Die Merowingerzeit berühren im übrigen nur das Buch von Stracke über die Bekehrung Chlodwigs ( 677), von dem schon im vorigen Jg. (S. 163) die Rede war, und der dort (Nr. 1370) bereits verzeichnete Aufsatz von Pirenne über den rinderbespannten Wagen der letzten Merowinger nach der bekannten Schilderung Einhards: er sieht darin im Gegensatz zu Jacob Grimm und Brunner mit Recht keine Beziehung zu heidnischem Brauch, sondern nur einen Ausdruck der ärmlichen Lage des der Macht entkleideten Königsgeschlechts.

Das wertvolle Buch von John Ryan über das altirische Mönchtum bis zur Mitte des 7. Jhds. (Irish monasticism: Origins and early development, Dublin and Cork, Talbot Press 1931, XV, 413 u.

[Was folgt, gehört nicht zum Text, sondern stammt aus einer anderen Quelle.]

lemma H_limit_less:
  assumes lim: "is_H_limit K q L sat h" and k: "k \<ge> 1" "2 * real q * (1 - r/2) ^ k \<le> 1/2"
  shows "h (real k) < real k"
proof (rule ccontr)
  assume "\<not> h (real k) < real k"
  have deviation: "(\<lambda>N. prob_ev K L N (k * N) (energy_deviates h (real k) (1/2) N)) \<longlonglongrightarrow> 0"
    using H_limit_deviation_tendsto_0[OF lim, of "real k" "1/2"] k
    by (simp add: nat_floor_of_nat_mult)
  have near_satisfiable: "(\<lambda>N. prob_ev K L N (k * N) (\<lambda>G. k * N \<le> energy q sat N G + N)) \<longlonglongrightarrow> 0"
  proof (rule tendsto_sandwich[OF _ _ tendsto_const LIMSEQ_power_zero[of "1/2::real"]])
    show "\<forall>\<^sub>F N in sequentially. prob_ev K L N (k * N) (\<lambda>G. k * N \<le> energy q sat N G + N) \<le> (1/2) ^ N"
      using eventually_ge_at_top[of 1]
      by eventually_elim (rule prob_ev_energy_near_length_le_half_pow[OF k(2)], simp_all)
  qed (simp_all add: prob_ev_nonneg)
  have "\<forall>\<^sub>F N in sequentially. 1 \<le> N \<and> (\<exists>G\<in>instances K L N (k * N).
      \<not> energy_deviates h (real k) (1/2) N G \<and> \<not> k * N \<le> energy q sat N G + N)"
    using eventually_ge_at_top eventually_exists_instance_avoiding[OF deviation near_satisfiable]
    by (rule eventually_conj)
  from eventually_happens'[OF sequentially_bot this]
  obtain N G where N: "1 \<le> N"
    and typical: "\<bar>real (energy q sat N G) / real N - h (real k)\<bar> \<le> 1/2"
    and far: "energy q sat N G + N < k * N"
    by (auto simp: energy_deviates_def not_less)
  have "real k - 1/2 \<le> real (energy q sat N G) / real N"
    using typical \<open>\<not> h (real k) < real k\<close> by linarith
  then have "(real k - 1/2) * real N \<le> real (energy q sat N G)"
    using N by (simp add: field_simps)
  moreover have "real (energy q sat N G) + real N < real k * real N"
    using far by (metis of_nat_add of_nat_less_iff of_nat_mult)
  ultimately show False using N by (simp add: algebra_simps)
qed

lemma p_limit_antimono:
  assumes lim: "is_p_limit K q L sat pf" and c: "0 < c" "c \<le> c'"
  shows "pf c' \<le> pf c"
proof (rule LIMSEQ_le)
  show "(\<lambda>N. ln (pNM K q L sat N (nat \<lfloor>c * real N\<rfloor>)) / real N) \<longlonglongrightarrow> pf c"
    "(\<lambda>N. ln (pNM K q L sat N (nat \<lfloor>c' * real N\<rfloor>)) / real N) \<longlonglongrightarrow> pf c'"
    using lim c unfolding is_p_limit_def by auto
  show "\<exists>N0. \<forall>N\<ge>N0. ln (pNM K q L sat N (nat \<lfloor>c' * real N\<rfloor>)) / real N
      \<le> ln (pNM K q L sat N (nat \<lfloor>c * real N\<rfloor>)) / real N"
  proof (intro exI[of _ 2] allI impI)
    fix N :: nat assume "2 \<le> N"
    then have "0 < pNM K q L sat N (nat \<lfloor>c' * real N\<rfloor>)"
      by (rule pNM_pos_if_ge_2)
    moreover have "pNM K q L sat N (nat \<lfloor>c' * real N\<rfloor>) \<le> pNM K q L sat N (nat \<lfloor>c * real N\<rfloor>)"
      using pNM_antimono[OF _ nat_floor_mult_mono[OF c(2)]] \<open>2 \<le> N\<close> by simp
    ultimately show "ln (pNM K q L sat N (nat \<lfloor>c' * real N\<rfloor>)) / real N
        \<le> ln (pNM K q L sat N (nat \<lfloor>c * real N\<rfloor>)) / real N"
      by (simp add: divide_right_mono)
  qed
qed
(* Let $L>0$, $N\in\mathbb{N}_+$, $h=L/N$, $\epsilon>0$, $\theta_0>0$, $\tau>0$, $A\ge0$, $\alpha\in(0,1)$, $\rho_u>0$, $\rho_w>0$, and let $u^n,u^{n-1}\in\mathcal{C}_{per}$ with $-1<u^n<1$ and $-1<u^{n-1}<1$ pointwise. Let $u^{n+1}\in\mathcal{C}_{per}$ (with $-1<u^{n+1}<1$ pointwise) be the solution of the second-order convex splitting scheme, i.e. together with some $w^{n+1}\in\mathcal{C}_{per}$, $$3u^{n+1}-4u^n+u^{n-1}=2\tau\Delta_hw^{n+1},$$ $$w^{n+1}=\log(1+u^{n+1})-\log(1-u^{n+1})-\theta_0(2u^n-u^{n-1})-\epsilon^2\Delta_hu^{n+1}-A\tau\theta_0^2\Delta_h(u^{n+1}-u^n).$$ Let $\{u_2^{(k)}\}$ be the sequence generated by Algorithm 2 (described in the context). Then $\lim_{k\to\infty}\|u_2^{(k)}-u^{n+1}\|_2=0$.
   Context: $\mathcal{C}_{per}$ is the space of real grid functions $\nu=(\nu_{i,j,k})_{i,j,k\in\mathbb{Z}}$ that are $N$-periodic in each index (values at cell centres of a uniform grid of mesh size $h$ on $(0,L)^3$). Inner product $\langle\nu,\xi\rangle=h^2\sum_{i,j,k=1}^N\nu_{i,j,k}\xi_{i,j,k}$, $\|\nu\|_2=\langle\nu,\nu\rangle^{1/2}$. Discrete Laplacian $(\Delta_h\nu)_{i,j,k}=h^{-2}(\nu_{i+1,j,k}+\nu_{i-1,j,k}+\nu_{i,j+1,k}+\nu_{i,j-1,k}+\nu_{i,j,k+1}+\nu_{i,j,k-1}-6\nu_{i,j,k})$. Operations and inequalities are pointwise. The solution $(u^{n+1},w^{n+1})$ of the scheme exists and is unique. Algorithm 2: set $u_2^{(0)}=u^n$, $w_2^{(0)}=0$, $u_3^{(0)}=0$, $w_3^{(0)}=0$. For $k=0,1,2,\dots$: (i) find $u_1^{(k+1)},w_1^{(k+1)}\in\mathcal{C}_{per}$ solving $(-\epsilon^2-A\tau\theta_0^2)\Delta_hu_1^{(k+1)}+A\tau\theta_0^2\Delta_hu^n-\alpha w_1^{(k+1)}+u_3^{(k)}+\rho_u(u_1^{(k+1)}-u_2^{(k)})=0$ and $\alpha(-u_1^{(k+1)}+\frac43u^n-\frac13u^{n-1})+\frac{2\tau}{3}\Delta_hw_1^{(k+1)}-w_3^{(k)}-\rho_w(w_1^{(k+1)}-w_2^{(k)})=0$; (ii) find $u_2^{(k+1)},w_2^{(k+1)}\in\mathcal{C}_{per}$ with $-1<u_2^{(k+1)}<1$ solving $\log(1+u_2^{(k+1)})-\log(1-u_2^{(k+1)})-\theta_0(2u^n-u^{n-1})-(1-\alpha)w_2^{(k+1)}-u_3^{(k)}-\rho_u(u_1^{(k+1)}-u_2^{(k+1)})=0$ and $(1-\alpha)(-u_2^{(k+1)}+\frac43u^n-\frac13u^{n-1})+w_3^{(k)}+\rho_w(w_1^{(k+1)}-w_2^{(k+1)})=0$; (iii) set $u_3^{(k+1)}=u_3^{(k)}+\rho_u(u_1^{(k+1)}-u_2^{(k+1)})$, $w_3^{(k+1)}=w_3^{(k)}+\rho_w(w_1^{(k+1)}-w_2^{(k+1)})$. *)

theory Defs
  imports Complex_Main
begin

text \<open>Grid functions on cell centres, indexed by integer triples.\<close>
type_synonym grid = "int \<Rightarrow> int \<Rightarrow> int \<Rightarrow> real"

definition per :: "nat \<Rightarrow> grid \<Rightarrow> bool" where
  "per N v \<longleftrightarrow> (\<forall>i j k. v (i + int N) j k = v i j k \<and> v i (j + int N) k = v i j k
                       \<and> v i j (k + int N) = v i j k)"

definition lap :: "real \<Rightarrow> grid \<Rightarrow> grid" where
  "lap h v = (\<lambda>i j k. (v (i+1) j k + v (i-1) j k + v i (j+1) k + v i (j-1) k
                        + v i j (k+1) + v i j (k-1) - 6 * v i j k) / h\<^sup>2)"

definition ip :: "real \<Rightarrow> nat \<Rightarrow> grid \<Rightarrow> grid \<Rightarrow> real" where
  "ip h N v x = h\<^sup>2 * (\<Sum>i\<in>{1..int N}. \<Sum>j\<in>{1..int N}. \<Sum>k\<in>{1..int N}. v i j k * x i j k)"

definition norm2 :: "real \<Rightarrow> nat \<Rightarrow> grid \<Rightarrow> real" where
  "norm2 h N v = sqrt (ip h N v v)"

end

(* Algorithm 2 is an ADMM iteration: step (i) is a linear solve, step (ii) a pointwise
   nonlinear solve, and step (iii) updates the multipliers u3, w3.  The scheme solution
   (un1, wn1), together with explicit multipliers u3*, w3*, is a fixed point.  The energy
     |u3 - u3*|^2/rho_u + rho_u |u2 - un1|^2 + |w3 - w3*|^2/rho_w + rho_w |w2 - wn1|^2
   decreases by at least 2 |u2 - un1|^2 per iteration: the linear step contributes a
   nonnegative term because -Delta_h is positive semidefinite on periodic grid functions
   (the alpha-coupling is skew and cancels), and the nonlinear step contributes through the
   strong monotonicity of ln(1 + x) - ln(1 - x).  Hence |u2 - un1|^2 is summable. *)

theory Submission
  imports Defs
begin

definition grid_sum :: "nat \<Rightarrow> grid \<Rightarrow> real" where
  "grid_sum N f = (\<Sum>i\<in>{1..int N}. \<Sum>j\<in>{1..int N}. \<Sum>k\<in>{1..int N}. f i j k)"

lemma grid_sum_mono: "(\<And>i j k. f i j k \<le> g i j k) \<Longrightarrow> grid_sum N f \<le> grid_sum N g"
  unfolding grid_sum_def by (intro sum_mono) auto

lemma grid_sum_nonneg: "(\<And>i j k. 0 \<le> f i j k) \<Longrightarrow> 0 \<le> grid_sum N f"
  unfolding grid_sum_def by (intro sum_nonneg) auto

lemma grid_sum_add: "grid_sum N (\<lambda>i j k. f i j k + g i j k) = grid_sum N f + grid_sum N g"
  unfolding grid_sum_def by (simp add: sum.distrib)

lemma grid_sum_diff: "grid_sum N (\<lambda>i j k. f i j k - g i j k) = grid_sum N f - grid_sum N g"
  unfolding grid_sum_def by (simp add: sum_subtractf)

XIV S.) berührt die irischen Klöster des Festlandes nur beiläufig, trägt aber reichen Stoff zur Kenntnis des irischen Klosterwesens zusammen. Die angelsächsische Mission bei den Friesen behandelt die sorgfältige Arbeit von Jung-Diefenbach ( 1574). Auf diesem vielbeackerten Felde ließen sich naturgemäß nicht wesentliche neue Ergebnisse erzielen; zum ersten Male ist hier der Kalender Willibrords benutzt (S. 46 f., 54, 90 ff.), um die Beziehungen des Friesenapostels zur Heimat und der fränkischen Kirche zu veranschaulichen.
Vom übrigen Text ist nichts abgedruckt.